Thursday, April 23, 2020

Hiding Behind a Smiley Face Mask

This is me.  Will the people who loved the smiley face on the right still love the person on the left?
The other night, I was watching TV and a commercial came on for some kind of antidepressant medication.  The woman who was the main character of the commercial walked around with a hand-drawn smiley face mask that she'd put up over her regular face...

Usually I don't pay much attention to ads on TV, but this one kind of got me.

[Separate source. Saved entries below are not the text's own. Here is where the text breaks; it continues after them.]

(* Let $n\ge 2$ and let $D$ be any $n$-qubit $\textsc{CZ}$-layer. Let $R$ denote the complete qubit reversal $|x_1x_2\cdots x_n\rangle\mapsto|x_nx_{n-1}\cdots x_1\rangle$. Then the unitary $R\,D$ (a $\textsc{CZ}$-layer followed by qubit reversal; denoted $\widehat{\text{-CZ-}}$) can be implemented by a circuit over the gate library $\{\textsc{P},\textsc{P}^\dagger,\textsc{Z},\textsc{CNOT}\}$ in which every $\textsc{CNOT}$ acts on two adjacent qubits of the line $1,2,\dots,n$ (linear nearest neighbour architecture) and whose $\textsc{CNOT}$ depth (two-qubit depth) is at most $2n+2$.
   Context: $\textsc{P}=\mathrm{diag}(1,i)$, $\textsc{Z}=\textsc{P}^2$, $\textsc{CNOT}|a,b\rangle=|a,a\oplus b\rangle$, $\textsc{CZ}|a,b\rangle=(-1)^{ab}|a,b\rangle$. A $\textsc{CZ}$-layer is any product of $\textsc{CZ}$ gates on pairs of the $n$ qubits. Linear nearest neighbour (LNN) architecture: qubits are arranged on a line and two-qubit gates may only act on qubits $j,j+1$. The two-qubit depth of a circuit is the minimum number of time steps needed to execute its two-qubit gates when each step consists of two-qubit gates on pairwise disjoint qubits (single-qubit gates are not counted). *)

theory Defs
  imports Complex_Main
begin

text \<open>Computational basis states of n qubits (qubits 0..n-1 on a line) are
  bit assignments x :: nat => bool that are False outside {0..<n}.
  Operators on the n-qubit space are given by their matrix entries
  M y x = <y| M |x> over this finite basis.\<close>

definition basis :: "nat \<Rightarrow> (nat \<Rightarrow> bool) set" where
  "basis n = {x. \<forall>i\<ge>n. \<not> x i}"

type_synonym qmat = "(nat \<Rightarrow> bool) \<Rightarrow> (nat \<Rightarrow> bool) \<Rightarrow> complex"

definition qmult :: "nat \<Rightarrow> qmat \<Rightarrow> qmat \<Rightarrow> qmat" where
  "qmult n A B = (\<lambda>y x. \<Sum>z\<in>basis n. A y z * B z x)"

definition qid :: qmat where
  "qid = (\<lambda>y x. if y = x then 1 else 0)"

datatype gate = Pg nat | Pdg nat | Zg nat | CNOT nat nat

fun gate_mat :: "gate \<Rightarrow> qmat" where
  "gate_mat (Pg q) = (\<lambda>y x. if y = x then (if x q then \<i> else 1) else 0)"
| "gate_mat (Pdg q) = (\<lambda>y x. if y = x then (if x q then - \<i> else 1) else 0)"
| "gate_mat (Zg q) = (\<lambda>y x. if y = x then (if x q then -1 else 1) else 0)"
| "gate_mat (CNOT c t) = (\<lambda>y x. if y = x(t := (x t \<noteq> x c)) then 1 else 0)"

text \<open>A gate sequence is applied left to right: its operator is G_m ... G_1.\<close>
fun circ_mat :: "nat \<Rightarrow> gate list \<Rightarrow> qmat" where
  "circ_mat n [] = qid"
| "circ_mat n (g # gs) = qmult n (circ_mat n gs) (gate_mat g)"

fun lnn_gate :: "nat \<Rightarrow> gate \<Rightarrow> bool" where
  "lnn_gate n (Pg q) = (q < n)"
| "lnn_gate n (Pdg q) = (q < n)"
| "lnn_gate n (Zg q) = (q < n)"
| "lnn_gate n (CNOT c t) = (c < n \<and> t < n \<and> (t = c + 1 \<or> c = t + 1))"

fun gate_qubits :: "gate \<Rightarrow> nat set" where
  "gate_qubits (Pg q) = {q}"
| "gate_qubits (Pdg q) = {q}"
| "gate_qubits (Zg q) = {q}"
| "gate_qubits (CNOT c t) = {c, t}"

fun is_cnot :: "gate \<Rightarrow> bool" where
  "is_cnot (CNOT c t) = True"
| "is_cnot _ = False"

It felt like someone was following me around and making a commercial of how I've been going through my life for years.  I plaster that damn smile on my face and just go, even if I don't feel like it.  I throw the smile in my voice on the phone, even if I've been bawling myself hoarse moments before I picked the phone up. 

I don't think I'm quite like the woman in the commercial.  I know why I'm not buoyant like a helium balloon on a string most of the time (I have my moments of buoyancy, though.  I have flashes of true happiness.  I can feel them.)  It's easier to plaster the smile on my face or straighten my shoulders and put a little sparkle in my voice than it is to answer "what's wrong?"

I've realized that I don't actually fool everyone as much as I wish I did.  I have one particular friend who can tell if I'm faking a smile even if we're talking on the phone.  And they let me know they can tell the difference, every time I do it.  The first time we had the conversation about my slipping into the Rainbow Brite Sprinkle version of me, I was unsettled, and I saw it as a bit of an invasion.  How dare they?!  But it got me asking myself why it's so important to me that people only see or hear the smile. 

Well, you know, I have a reputation.  I'm told I'm high-energy, and I am... most of the time.  I'm told I'm sunny, and I can be.  A walking glitter-bomb (who can sling an f-bomb better than you can, Dearie).  It took me so many years to accept that people actually DO love that version of me, the perky, sunny, happy-happy-happy proto-Poppy-the-Troll because for a very long time, I was convinced that I was tolerated in this world, at the very best.

I only just recently accepted that people might like or love me, so why would I want to go effing it all up by letting people see the hurricane of hurt swirling in my eyes?  Are people still going to love me even if they know I cry in the shower, in the Jeep when I'm alone, that I curl up in a ball and bawl while my daughter is off at school, that the reason I resist taking off my dark glasses, even when it's not really appropriate to be wearing dark glasses is that I've probably smudged my waterproof eye makeup because...tears?

Will the people who loved me when they thought I was Tigger still love me when they realize that I'm more Eeyore than they ever knew?  I mean really?

The thing is, I understand that I wasn't giving anybody a chance to love the real me.  Just my smiley representative.  It wasn't fair to people or to me.  People have a right to know who their friend is.  I have a right to have the kind of friends who can see through the fake smile even if they aren't even in the same ZIP code, but who love me anyway and who will just sit with me in the dark when I can't find the light-switch.  Because even Sparkly Me would do the same for them.  And I hope I have proven this.

And I'm working on Why I'm So Sad.  I talk to a therapist online, and she's helped me understand that while I do hurt my own feelings, I do have an avalanche of legitimate reasons for walking around with so much pain.  Me.  This is not an altar-call for mental health, but I feel like I wouldn't be very genuine if I slopped this all over the table and let you think I can handle it all on my own.  I tried for years to, and it's too much.  So I got help.  I have zero shame in talking about this.  I do not think this makes me weak at all.  If I had an earache, I'd visit my physician.  If I blew out my knee, I'd see an orthopaedist.  Why would anybody try to DIY something as complex and mysterious as the human psyche?  Why would I try to DIY my own mental health anymore? 

Anyway, Friends, I'm not Tigger to the bone.  I'm more like Eeyore with Tigger skin. I haven't changed.  I've just gotten so tired of the projection.  I'm working on bringing the Smiley Face and My Face into closer alignment.  I do better like the sparkly, high-energy version of Me far better than this blue-blob-feeling incarnation.  Maybe there's somewhere in the middle we can meet.  I don't know.

I've worried that this will be the jumpin' off point for some of my people.  The going has gotten tough and is going to stay that way for a while.  But I have enough faith in humanity and enough faith in my friends to believe that I will still have friends who stick with me, and love me even through the messy and the unpleasant and the difficult to love.

Just.  Be kind to the people you meet, Friends, when we go back to being able to meet people again.  You never know who's just holding themselves together with silly putty and duct tape and popsicle sticks.  It's probably those you'd suspect the least.  I have a feeling there's a lot more of us right now, with the way things are.  Hold on, keep on, and just love.  Please.

1 comment:

  1. The real you is beautiful. More beautiful than the fake you. Thank you for being real.